**WHAT TO WORK ON:** Go through the material below and copy all lines with "lifting".

......

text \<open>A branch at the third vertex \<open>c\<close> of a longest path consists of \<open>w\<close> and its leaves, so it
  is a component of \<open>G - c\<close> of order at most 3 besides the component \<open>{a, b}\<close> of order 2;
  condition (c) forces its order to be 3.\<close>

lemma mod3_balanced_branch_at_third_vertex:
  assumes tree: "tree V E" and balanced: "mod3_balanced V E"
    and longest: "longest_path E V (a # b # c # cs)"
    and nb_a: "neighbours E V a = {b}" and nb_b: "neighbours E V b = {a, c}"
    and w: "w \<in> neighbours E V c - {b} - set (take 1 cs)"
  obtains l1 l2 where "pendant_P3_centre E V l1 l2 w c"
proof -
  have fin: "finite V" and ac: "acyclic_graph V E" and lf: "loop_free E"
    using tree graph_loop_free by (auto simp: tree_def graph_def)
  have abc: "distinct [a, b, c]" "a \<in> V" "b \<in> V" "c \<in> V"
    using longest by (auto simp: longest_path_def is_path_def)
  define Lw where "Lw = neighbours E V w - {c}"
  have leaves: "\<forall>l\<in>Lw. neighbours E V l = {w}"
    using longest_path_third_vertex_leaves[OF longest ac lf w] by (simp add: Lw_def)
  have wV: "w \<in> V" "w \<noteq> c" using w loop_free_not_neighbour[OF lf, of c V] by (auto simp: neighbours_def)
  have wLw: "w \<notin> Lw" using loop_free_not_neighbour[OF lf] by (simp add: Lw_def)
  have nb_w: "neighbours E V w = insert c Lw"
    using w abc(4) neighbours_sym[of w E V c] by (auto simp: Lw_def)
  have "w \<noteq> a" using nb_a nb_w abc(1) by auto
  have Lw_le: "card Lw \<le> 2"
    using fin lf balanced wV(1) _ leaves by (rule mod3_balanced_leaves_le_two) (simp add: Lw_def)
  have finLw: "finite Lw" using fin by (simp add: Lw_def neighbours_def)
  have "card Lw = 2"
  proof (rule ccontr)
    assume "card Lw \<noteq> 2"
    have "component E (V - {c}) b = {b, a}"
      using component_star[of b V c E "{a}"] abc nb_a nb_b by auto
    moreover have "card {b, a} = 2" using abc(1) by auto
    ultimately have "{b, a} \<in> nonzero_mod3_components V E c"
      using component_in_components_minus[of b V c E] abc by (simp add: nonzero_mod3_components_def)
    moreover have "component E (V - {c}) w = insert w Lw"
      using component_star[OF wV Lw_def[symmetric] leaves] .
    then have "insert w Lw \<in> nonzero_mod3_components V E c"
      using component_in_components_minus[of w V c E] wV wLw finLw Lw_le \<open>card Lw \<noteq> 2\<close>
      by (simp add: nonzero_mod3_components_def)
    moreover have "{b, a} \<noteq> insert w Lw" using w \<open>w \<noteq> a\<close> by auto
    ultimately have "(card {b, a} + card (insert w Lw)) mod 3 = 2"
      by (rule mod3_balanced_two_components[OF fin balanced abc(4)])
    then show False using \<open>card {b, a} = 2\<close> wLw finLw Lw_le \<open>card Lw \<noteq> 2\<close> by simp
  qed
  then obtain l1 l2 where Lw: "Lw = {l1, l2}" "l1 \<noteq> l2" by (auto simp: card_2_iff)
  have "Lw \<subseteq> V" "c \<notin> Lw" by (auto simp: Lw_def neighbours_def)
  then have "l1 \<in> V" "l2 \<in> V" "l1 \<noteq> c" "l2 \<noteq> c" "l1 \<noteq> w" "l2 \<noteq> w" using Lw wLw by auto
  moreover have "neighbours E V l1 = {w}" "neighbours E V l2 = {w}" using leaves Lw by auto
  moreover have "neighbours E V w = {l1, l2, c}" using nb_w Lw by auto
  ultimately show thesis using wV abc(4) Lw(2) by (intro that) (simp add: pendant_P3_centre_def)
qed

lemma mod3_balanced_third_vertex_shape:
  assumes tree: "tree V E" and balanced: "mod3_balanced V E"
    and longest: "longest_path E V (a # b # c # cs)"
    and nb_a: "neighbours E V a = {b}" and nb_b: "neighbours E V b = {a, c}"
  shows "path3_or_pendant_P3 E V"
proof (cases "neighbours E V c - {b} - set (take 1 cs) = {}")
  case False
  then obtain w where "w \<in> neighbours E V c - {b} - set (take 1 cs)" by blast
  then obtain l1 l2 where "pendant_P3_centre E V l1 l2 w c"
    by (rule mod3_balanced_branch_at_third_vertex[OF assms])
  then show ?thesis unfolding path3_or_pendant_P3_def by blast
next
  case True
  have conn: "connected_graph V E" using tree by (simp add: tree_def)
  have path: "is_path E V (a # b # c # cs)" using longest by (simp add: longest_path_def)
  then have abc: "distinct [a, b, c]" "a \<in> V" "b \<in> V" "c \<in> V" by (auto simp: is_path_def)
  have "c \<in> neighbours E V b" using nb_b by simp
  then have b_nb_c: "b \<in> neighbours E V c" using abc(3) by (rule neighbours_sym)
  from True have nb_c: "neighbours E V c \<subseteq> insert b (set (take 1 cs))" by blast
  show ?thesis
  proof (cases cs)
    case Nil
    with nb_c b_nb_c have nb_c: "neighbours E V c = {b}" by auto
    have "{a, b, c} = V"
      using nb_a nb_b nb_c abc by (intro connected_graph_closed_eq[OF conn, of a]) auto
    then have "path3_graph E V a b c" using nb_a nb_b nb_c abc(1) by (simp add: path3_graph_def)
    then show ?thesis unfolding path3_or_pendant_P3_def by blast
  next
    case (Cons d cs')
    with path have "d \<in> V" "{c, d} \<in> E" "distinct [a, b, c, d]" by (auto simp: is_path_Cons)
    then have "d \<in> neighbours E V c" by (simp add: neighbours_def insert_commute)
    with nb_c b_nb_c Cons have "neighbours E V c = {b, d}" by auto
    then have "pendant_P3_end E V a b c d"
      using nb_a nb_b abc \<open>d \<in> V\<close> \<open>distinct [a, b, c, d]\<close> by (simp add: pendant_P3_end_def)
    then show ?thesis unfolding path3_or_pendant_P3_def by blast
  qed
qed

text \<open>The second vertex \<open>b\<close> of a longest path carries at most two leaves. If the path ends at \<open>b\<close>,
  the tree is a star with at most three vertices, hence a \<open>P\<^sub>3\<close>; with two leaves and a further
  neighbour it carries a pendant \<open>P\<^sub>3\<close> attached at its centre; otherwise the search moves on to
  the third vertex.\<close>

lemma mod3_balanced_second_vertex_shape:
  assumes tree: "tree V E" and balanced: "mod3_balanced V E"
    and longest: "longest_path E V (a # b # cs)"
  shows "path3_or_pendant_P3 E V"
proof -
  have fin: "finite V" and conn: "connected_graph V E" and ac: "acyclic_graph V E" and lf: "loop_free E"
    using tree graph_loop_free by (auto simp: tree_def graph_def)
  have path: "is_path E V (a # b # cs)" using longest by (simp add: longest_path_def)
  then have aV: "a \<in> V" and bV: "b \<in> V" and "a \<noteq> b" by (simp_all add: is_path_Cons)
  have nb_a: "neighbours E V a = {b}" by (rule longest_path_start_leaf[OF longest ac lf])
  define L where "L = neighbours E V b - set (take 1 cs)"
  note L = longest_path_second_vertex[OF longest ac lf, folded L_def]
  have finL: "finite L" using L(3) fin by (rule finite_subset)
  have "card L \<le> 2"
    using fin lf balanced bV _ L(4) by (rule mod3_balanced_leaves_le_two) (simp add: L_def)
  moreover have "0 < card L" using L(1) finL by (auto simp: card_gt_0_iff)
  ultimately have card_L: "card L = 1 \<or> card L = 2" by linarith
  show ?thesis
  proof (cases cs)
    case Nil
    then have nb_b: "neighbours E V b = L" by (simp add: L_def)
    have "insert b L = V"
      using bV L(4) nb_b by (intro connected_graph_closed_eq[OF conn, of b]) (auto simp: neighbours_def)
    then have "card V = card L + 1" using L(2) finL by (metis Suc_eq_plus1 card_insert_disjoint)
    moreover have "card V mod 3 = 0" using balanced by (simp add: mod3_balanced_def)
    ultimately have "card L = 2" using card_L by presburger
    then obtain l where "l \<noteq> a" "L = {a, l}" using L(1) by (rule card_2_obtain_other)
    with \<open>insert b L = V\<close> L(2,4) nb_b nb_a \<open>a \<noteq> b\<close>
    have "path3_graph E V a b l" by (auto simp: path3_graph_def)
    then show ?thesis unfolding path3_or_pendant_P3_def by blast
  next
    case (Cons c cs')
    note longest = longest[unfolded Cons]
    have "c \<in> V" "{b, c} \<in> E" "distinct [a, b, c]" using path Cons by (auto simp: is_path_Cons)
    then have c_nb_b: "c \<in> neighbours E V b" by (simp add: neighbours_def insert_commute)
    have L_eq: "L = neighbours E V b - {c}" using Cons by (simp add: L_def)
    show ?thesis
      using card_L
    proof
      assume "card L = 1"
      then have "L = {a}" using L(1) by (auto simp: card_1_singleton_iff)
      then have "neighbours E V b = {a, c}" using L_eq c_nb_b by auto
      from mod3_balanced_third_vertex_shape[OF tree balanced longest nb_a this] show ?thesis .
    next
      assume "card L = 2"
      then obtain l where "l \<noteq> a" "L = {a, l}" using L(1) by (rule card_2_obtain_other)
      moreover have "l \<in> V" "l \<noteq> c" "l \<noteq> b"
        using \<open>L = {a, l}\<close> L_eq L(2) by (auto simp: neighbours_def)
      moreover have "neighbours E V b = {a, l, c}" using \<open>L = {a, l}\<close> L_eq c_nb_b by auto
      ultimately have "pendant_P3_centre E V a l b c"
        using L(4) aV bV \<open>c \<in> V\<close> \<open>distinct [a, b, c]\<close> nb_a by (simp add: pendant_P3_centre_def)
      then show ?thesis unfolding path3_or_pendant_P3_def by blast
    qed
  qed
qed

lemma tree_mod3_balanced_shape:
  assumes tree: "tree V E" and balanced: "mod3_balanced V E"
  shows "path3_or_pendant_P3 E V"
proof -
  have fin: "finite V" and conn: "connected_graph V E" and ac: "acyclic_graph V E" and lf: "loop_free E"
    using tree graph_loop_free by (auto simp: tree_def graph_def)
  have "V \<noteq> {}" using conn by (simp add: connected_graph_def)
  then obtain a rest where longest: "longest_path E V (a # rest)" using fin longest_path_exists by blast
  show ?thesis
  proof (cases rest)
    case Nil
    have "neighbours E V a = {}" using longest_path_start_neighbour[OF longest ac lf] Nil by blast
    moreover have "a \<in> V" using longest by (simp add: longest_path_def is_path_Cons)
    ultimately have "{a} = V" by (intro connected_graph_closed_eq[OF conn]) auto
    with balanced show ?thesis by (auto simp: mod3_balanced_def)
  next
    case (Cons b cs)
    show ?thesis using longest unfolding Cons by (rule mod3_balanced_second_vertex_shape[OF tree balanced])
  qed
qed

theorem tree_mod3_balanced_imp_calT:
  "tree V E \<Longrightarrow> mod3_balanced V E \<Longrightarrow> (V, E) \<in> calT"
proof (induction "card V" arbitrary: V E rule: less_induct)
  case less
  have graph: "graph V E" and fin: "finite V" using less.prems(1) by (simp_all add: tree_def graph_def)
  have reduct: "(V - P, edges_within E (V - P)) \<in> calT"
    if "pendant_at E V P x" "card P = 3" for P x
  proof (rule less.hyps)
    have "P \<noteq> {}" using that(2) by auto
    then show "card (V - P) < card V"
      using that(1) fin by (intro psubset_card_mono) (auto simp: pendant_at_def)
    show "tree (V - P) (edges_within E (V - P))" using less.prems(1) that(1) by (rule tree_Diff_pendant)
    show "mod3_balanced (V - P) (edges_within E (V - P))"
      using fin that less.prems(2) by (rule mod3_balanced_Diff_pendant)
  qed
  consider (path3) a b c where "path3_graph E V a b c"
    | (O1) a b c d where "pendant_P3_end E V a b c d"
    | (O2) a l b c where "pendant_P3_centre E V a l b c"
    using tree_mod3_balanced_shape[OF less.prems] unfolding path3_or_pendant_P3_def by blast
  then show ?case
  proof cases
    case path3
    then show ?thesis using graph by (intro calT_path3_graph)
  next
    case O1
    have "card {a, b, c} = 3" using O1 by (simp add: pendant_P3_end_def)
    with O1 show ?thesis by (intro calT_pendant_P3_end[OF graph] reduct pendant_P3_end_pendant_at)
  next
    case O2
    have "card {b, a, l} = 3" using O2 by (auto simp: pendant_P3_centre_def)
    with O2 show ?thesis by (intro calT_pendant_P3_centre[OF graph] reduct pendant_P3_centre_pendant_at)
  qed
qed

......

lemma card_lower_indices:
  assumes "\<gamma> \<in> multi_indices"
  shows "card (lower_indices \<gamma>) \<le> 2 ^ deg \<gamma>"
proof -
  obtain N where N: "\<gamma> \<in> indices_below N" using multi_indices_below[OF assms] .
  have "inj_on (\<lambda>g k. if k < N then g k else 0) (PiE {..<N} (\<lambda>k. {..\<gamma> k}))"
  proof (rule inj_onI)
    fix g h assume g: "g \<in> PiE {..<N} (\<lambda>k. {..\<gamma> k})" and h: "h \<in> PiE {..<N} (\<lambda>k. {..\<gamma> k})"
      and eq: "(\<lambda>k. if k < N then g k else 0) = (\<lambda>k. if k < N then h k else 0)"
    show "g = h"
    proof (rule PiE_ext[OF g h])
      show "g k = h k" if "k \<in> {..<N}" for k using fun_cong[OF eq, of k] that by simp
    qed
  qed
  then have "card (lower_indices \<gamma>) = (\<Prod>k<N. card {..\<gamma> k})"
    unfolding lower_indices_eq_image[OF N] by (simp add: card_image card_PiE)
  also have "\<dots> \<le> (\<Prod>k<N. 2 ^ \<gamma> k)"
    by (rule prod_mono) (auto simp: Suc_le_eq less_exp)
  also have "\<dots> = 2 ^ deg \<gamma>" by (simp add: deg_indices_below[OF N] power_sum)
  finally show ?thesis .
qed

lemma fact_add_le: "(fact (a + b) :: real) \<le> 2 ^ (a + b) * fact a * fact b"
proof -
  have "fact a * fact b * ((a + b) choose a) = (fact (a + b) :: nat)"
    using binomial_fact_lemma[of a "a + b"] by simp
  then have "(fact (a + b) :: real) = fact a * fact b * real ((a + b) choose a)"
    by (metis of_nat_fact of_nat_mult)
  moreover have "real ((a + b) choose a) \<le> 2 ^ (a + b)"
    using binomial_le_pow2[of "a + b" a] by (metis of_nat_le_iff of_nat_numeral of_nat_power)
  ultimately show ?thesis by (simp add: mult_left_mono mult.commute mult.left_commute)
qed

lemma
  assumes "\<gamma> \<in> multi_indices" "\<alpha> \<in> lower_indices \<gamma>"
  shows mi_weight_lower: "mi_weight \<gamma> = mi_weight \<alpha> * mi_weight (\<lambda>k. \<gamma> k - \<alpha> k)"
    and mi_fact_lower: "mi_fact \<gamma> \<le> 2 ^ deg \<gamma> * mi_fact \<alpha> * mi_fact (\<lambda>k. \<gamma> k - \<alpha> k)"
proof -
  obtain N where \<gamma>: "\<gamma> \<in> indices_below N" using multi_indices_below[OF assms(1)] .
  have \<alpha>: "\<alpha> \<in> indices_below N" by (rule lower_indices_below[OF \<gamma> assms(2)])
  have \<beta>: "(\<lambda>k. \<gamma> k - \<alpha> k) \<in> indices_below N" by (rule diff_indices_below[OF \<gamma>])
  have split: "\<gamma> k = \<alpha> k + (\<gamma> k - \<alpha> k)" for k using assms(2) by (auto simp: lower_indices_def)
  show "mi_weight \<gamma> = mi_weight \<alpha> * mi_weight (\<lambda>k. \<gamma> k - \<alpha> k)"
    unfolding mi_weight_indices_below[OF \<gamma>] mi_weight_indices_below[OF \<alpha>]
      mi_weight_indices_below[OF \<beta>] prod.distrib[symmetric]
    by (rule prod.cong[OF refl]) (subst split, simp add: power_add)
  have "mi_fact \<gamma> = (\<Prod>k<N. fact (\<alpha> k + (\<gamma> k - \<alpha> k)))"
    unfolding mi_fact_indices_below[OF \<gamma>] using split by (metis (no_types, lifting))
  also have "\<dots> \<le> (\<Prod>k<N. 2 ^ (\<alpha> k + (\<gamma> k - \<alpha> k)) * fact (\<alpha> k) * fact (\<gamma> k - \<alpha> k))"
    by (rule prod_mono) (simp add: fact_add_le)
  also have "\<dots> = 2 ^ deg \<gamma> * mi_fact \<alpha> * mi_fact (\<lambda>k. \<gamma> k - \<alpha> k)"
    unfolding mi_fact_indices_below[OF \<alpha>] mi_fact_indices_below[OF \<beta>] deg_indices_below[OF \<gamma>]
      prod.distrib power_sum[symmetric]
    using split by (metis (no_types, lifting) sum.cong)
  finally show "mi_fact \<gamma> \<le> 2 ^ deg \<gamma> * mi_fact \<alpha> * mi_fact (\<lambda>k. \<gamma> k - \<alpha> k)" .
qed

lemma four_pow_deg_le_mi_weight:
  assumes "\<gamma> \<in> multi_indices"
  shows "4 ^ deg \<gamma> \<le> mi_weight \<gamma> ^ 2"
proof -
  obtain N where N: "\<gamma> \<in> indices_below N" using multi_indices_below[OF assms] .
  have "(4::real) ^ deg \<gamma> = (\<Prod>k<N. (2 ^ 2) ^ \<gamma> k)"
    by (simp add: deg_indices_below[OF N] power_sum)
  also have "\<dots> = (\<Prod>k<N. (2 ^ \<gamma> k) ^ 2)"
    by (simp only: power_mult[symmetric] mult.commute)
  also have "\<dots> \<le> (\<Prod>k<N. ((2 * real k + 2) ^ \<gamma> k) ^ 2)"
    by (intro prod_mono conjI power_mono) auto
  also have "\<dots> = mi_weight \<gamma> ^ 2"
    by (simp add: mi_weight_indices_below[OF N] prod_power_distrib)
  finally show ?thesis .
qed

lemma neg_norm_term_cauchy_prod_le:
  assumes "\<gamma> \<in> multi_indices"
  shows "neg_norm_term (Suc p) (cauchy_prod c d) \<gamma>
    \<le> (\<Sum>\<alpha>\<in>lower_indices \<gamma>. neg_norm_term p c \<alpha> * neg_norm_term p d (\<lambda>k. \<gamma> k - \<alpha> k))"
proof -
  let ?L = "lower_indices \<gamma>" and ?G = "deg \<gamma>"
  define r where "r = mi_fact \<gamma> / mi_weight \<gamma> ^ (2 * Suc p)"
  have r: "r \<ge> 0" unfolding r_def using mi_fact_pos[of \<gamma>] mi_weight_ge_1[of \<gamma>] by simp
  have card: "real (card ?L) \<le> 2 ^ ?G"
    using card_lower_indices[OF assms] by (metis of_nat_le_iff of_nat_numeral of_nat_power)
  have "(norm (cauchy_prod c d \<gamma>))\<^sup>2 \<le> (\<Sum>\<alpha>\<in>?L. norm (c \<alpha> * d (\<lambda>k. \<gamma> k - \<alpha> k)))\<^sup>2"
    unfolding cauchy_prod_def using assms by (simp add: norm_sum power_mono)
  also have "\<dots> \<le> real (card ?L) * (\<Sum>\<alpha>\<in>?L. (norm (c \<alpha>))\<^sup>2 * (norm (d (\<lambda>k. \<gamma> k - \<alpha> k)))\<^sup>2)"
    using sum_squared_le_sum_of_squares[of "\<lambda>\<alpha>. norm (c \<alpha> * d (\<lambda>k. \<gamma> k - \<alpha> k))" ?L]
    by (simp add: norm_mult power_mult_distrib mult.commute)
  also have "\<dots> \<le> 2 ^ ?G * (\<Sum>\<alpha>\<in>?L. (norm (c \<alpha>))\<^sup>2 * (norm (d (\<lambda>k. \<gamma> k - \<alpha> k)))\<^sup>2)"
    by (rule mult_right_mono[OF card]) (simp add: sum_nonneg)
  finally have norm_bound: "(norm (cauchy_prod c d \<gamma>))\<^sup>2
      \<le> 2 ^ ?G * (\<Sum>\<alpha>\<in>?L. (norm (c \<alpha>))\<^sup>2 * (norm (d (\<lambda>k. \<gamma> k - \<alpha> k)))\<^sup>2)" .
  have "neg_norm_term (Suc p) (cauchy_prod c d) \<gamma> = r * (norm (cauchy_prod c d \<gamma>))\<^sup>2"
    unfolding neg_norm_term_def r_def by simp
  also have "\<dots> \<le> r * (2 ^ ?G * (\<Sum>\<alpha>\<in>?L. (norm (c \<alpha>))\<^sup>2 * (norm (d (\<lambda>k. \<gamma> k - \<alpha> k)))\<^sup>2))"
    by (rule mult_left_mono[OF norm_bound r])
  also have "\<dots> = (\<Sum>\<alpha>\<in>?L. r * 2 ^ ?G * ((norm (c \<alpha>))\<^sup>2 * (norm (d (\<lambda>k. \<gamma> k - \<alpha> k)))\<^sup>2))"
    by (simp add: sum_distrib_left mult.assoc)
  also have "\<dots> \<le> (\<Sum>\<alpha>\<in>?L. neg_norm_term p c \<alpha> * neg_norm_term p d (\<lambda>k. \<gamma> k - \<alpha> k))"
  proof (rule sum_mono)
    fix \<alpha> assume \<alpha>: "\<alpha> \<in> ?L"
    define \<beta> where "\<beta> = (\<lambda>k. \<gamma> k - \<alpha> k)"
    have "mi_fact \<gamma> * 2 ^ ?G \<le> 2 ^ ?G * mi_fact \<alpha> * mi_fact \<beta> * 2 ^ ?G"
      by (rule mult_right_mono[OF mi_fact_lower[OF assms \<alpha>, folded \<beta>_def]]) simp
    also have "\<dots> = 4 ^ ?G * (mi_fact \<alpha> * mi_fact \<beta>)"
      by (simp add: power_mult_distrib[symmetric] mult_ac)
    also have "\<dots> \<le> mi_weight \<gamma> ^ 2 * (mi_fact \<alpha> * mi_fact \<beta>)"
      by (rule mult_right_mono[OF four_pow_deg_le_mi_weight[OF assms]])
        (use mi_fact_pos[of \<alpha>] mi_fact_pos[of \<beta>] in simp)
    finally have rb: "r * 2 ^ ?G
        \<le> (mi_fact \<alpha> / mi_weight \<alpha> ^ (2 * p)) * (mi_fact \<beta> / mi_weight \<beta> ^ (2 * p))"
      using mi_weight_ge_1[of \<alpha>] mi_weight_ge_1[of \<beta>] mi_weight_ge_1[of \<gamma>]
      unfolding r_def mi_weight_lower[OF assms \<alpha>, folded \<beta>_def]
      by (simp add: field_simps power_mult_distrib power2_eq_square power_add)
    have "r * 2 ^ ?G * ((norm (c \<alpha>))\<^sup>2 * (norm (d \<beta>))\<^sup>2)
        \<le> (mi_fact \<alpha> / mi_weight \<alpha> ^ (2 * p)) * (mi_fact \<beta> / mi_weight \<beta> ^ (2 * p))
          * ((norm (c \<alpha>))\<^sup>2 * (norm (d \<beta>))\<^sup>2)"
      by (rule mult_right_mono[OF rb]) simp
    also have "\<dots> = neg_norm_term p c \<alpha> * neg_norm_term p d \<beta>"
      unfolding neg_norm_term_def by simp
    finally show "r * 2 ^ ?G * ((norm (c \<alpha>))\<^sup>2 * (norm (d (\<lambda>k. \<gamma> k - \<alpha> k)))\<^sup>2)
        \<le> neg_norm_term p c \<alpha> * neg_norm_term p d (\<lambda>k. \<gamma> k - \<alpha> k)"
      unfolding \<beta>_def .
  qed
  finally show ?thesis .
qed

......

**ANSWER SPACE:**
    unfolding mi_fact_indices_below[OF \<gamma>] using split by (metis (no_types, lifting))
    using split by (metis (no_types, lifting) sum.cong)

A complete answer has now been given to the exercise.